Les États-Unis affirment que le différend entre le Venezuela et la Guyane ne sera pas résolu « par référendum »

Le Département d’Etat américain s’est exprimé lundi sur le référendum sur Essequibo organisé au Venezuela, assurant que le différend avec la Guyane sur le territoire « n’est pas quelque chose qui peut être résolu par référendum ».

Matthew Miller, porte-parole du Département d’État, a expliqué que le gouvernement américain soutenait une « résolution pacifique » du différend frontalier et a appelé le Venezuela et la Guyane à trouver d’autres moyens de résoudre leurs différends.

« La sentence de 1899 a déterminé que la frontière terrestre entre le Venezuela et la Guyane doit être respectée à moins ou jusqu’à ce que les parties parviennent à un nouvel accord, ou jusqu’à ce qu’un organe juridique compétent en décide autrement », a souligné Miller lors d’une conférence de presse.

Le Conseil national électoral (CNE) du Venezuela a assuré que plus de 10,5 millions de citoyens ont participé au référendum au cours duquel ils devaient décider s’ils soutenaient l’incorporation d’Essequibo comme nouvel État du pays.

L’option oui, selon le CNE, a gagné avec plus de 90% des voix, sans toutefois détailler les votes, ni rendre compte des abstentions ni du décompte des minutes.

Le Venezuela rejette la position américaine

Le gouvernement du Venezuela a rejeté les déclarations de Miller sur le référendum, a assuré qu’elles constituaient une « ingérence inacceptable » et a tenu Washington pour responsable, avec « l’impérialisme britannique », d’avoir consommé la fraude avec la sentence arbitrale de Paris de 1899, qui a cédé l’Essequibo aux États-Unis. Royaume-Uni et que le Venezuela considère comme nul et non avenu.

« Il est immoral et même criminel de demander au Venezuela d’accepter la prétendue dépossession de 1899 et son éventuelle ratification par un procès que le Venezuela ne peut accepter car il n’était pas consensuel aux termes des Accords de Genève », indique un communiqué publié par le ministre des Affaires étrangères, Yvan Gil. .

Le Venezuela s’oppose à la compétence de la Cour internationale de Justice (CIJ) pour examiner le différend frontalier et décider de la validité de la sentence arbitrale. Pour le Venezuela, l’Accord de Genève de 1966 constitue le « mécanisme idéal » pour résoudre la controverse territoriale.

« Les États-Unis ne font donc que ratifier leur mépris du droit international », poursuit le communiqué.

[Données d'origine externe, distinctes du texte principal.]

lemma mcl_subset_map:
  assumes iso: "subfield_iso S T \<sigma>" and P1: "PG_rep S n A E" and P2: "PG_rep T n A' E"
    and A'A: "\<forall>e\<in>E. \<forall>j. A' e j = \<sigma> (A e j)" and X: "X \<subseteq> E"
  shows "mcl A E X \<subseteq> mcl A' E X"
proof
  interpret p1: PG_rep S n A E by (rule P1)
  interpret p2: PG_rep T n A' E by (rule P2)
  fix e assume e: "e \<in> mcl A E X"
  then have eE: "e \<in> E" and sp: "A e \<in> vspan (A ` X)" by (auto simp: mcl_def)
  have eqX: "\<And>e. e \<in> X \<Longrightarrow> (\<lambda>j. \<sigma> (A e j)) = A' e" using A'A X by (auto simp: fun_eq_iff)
  have img: "(\<lambda>e j. \<sigma> (A e j)) ` X = A' ` X"
    by (rule image_cong) (use eqX in auto)
  have inj: "inj_on (\<lambda>e j. \<sigma> (A e j)) X"
    using p2.inj_on_cols_subset[OF X] inj_on_cong[of X "\<lambda>e j. \<sigma> (A e j)" A'] eqX by simp
  have "(\<lambda>j. \<sigma> (A e j)) \<in> vspan ((\<lambda>e j. \<sigma> (A e j)) ` X)"
    by (rule subfield_iso.map_vspan_image[OF iso p1.finite_ground_subset[OF X] p1.inj_on_cols_subset[OF X] inj])
      (use p1.col_in_S X eE sp in auto)
  moreover have "(\<lambda>j. \<sigma> (A e j)) = A' e" using A'A eE by (auto simp: fun_eq_iff)
  ultimately have "A' e \<in> vspan (A' ` X)" using img by simp
  then show "e \<in> mcl A' E X" using eE by (simp add: mcl_def)
qed

lemma lines_off_cong:
  assumes mcl: "\<And>X. X \<subseteq> E \<Longrightarrow> mcl A' E X = mcl A E X" and "L0 \<subseteq> E" "f \<in> E"
  shows "lines_off A' E L0 f = lines_off A E L0 f"
proof -
  have "is_line A' E L \<longleftrightarrow> is_line A E L" for L
    unfolding is_line_def using mcl by (metis empty_subsetI insert_subset)
  moreover have "mcl A' E (L0 \<union> {f}) = mcl A E (L0 \<union> {f})" using mcl assms(2,3) by simp
  ultimately show ?thesis unfolding lines_off_def by simp
qed

context PG_bar_data
begin

lemma L0_subset: "L0 \<subseteq> E"
  using L0 mcl_subset by simp

lemma exists_pgbar_cols:
  assumes zero: "\<forall>e j. n \<le> j \<longrightarrow> A e j = 0"
  obtains w where "\<forall>L\<in>lines_off A E L0 f. w L \<noteq> (\<lambda>j. 0) \<and> w L \<in> vspan (A ` L) \<and> w L \<in> vspan {v, A f}"
    "\<forall>x j. n \<le> j \<longrightarrow> pgbar_cols A w x j = 0"
proof -
  define w where "w L = (if L \<in> lines_off A E L0 f
      then (SOME x. x \<noteq> (\<lambda>j. 0) \<and> x \<in> vspan (A ` L) \<and> x \<in> vspan {v, A f}) else (\<lambda>j. 0))" for L
  have w: "w L \<noteq> (\<lambda>j. 0) \<and> w L \<in> vspan (A ` L) \<and> w L \<in> vspan {v, A f}"
    if "L \<in> lines_off A E L0 f" for L
    using someI_ex[OF exists_line_point[OF that]] that by (simp add: w_def)
  have "\<forall>j. n \<le> j \<longrightarrow> v j = 0"
    using zero L0_subset finite_ground_subset[OF L0_subset] vsp
    by (intro allI impI vspan_zero_beyond[of "A ` L0"]) auto
  then have "w L j = 0" if "n \<le> j" for L j
    using w zero that vspan_zero_beyond[of "{v, A f}" "w L" j] by (cases "L \<in> lines_off A E L0 f") (auto simp: w_def)
  then have "\<forall>x j. n \<le> j \<longrightarrow> pgbar_cols A w x j = 0"
    using zero by (auto simp: pgbar_cols_def split: sum.split)
  then show ?thesis using that w by blast
qed

context
  fixes T :: "'b::field set" and \<sigma> :: "'a \<Rightarrow> 'b" and u :: 'b
  assumes iso: "subfield_iso S T \<sigma>" and u: "u \<notin> T"
begin

lemma mcl_map_cols: "X \<subseteq> E \<Longrightarrow> mcl (map_cols \<sigma> A E) E X = mcl A E X"
proof -
  interpret p2: PG_rep T n "map_cols \<sigma> A E" E by (rule PG_rep_map_cols[OF iso])
  have AA': "\<forall>e\<in>E. \<forall>j. A e j = inv_into S \<sigma> (map_cols \<sigma> A E e j)"
    using col_in_S subfield_iso.bij[OF iso] by (simp add: map_cols_def bij_betw_inv_into_left)
  assume X: "X \<subseteq> E"
  have "mcl A E X \<subseteq> mcl (map_cols \<sigma> A E) E X"
    by (rule mcl_subset_map[OF iso PG_rep_axioms p2.PG_rep_axioms _ X]) (simp add: map_cols_def)
  moreover have "mcl (map_cols \<sigma> A E) E X \<subseteq> mcl A E X"
    by (rule mcl_subset_map[OF subfield_iso.inv[OF iso] p2.PG_rep_axioms PG_rep_axioms AA' X])
  ultimately show ?thesis by (rule equalityI[rotated])
qed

Ces dernières semaines, le gouvernement américain a soutenu ce qu’il appelle le « droit souverain » de la Guyane à développer ses ressources naturelles, sur fond d’escalade du conflit frontalier, après que Georgetown ait lancé des appels d’offres avec des sociétés étrangères pour l’exploitation pétrolière dans les zones en cours de délimitation et revendiquées par Venezuela.

« Ils n’ont pas tenu leur part du marché. »

D’autre part, le Département d’État a également réitéré lundi que le Venezuela « n’a pas respecté » les engagements qu’il aurait pris avec le gouvernement américain en échange d’un allègement des sanctions dans les secteurs pétrolier et gazier.

« Nous voulons qu’ils libèrent les prisonniers politiques et nous voulons qu’ils libèrent les Américains injustement détenus, cela faisait partie de l’accord que nous avions conclu avec eux, ils n’ont pas rempli leur part de l’accord », a réitéré Miller lors d’une conférence de presse.

Le responsable américain a réitéré que si aucun progrès n’était constaté, le gouvernement envisageait de suspendre une partie de l’allégement des sanctions dans les prochains jours « si nous déterminons que des progrès adéquats n’ont pas été réalisés ».

Le porte-parole de la sécurité nationale de la Maison Blanche, John Kirby, a déclaré vendredi que les États-Unis se félicitaient de l’annonce selon laquelle les candidats de l’opposition à la présidence, exclus de toute fonction publique, pourraient faire appel devant le plus haut tribunal du Venezuela. Il a toutefois indiqué que le Venezuela « devait faire davantage » à l’égard des prisonniers politiques.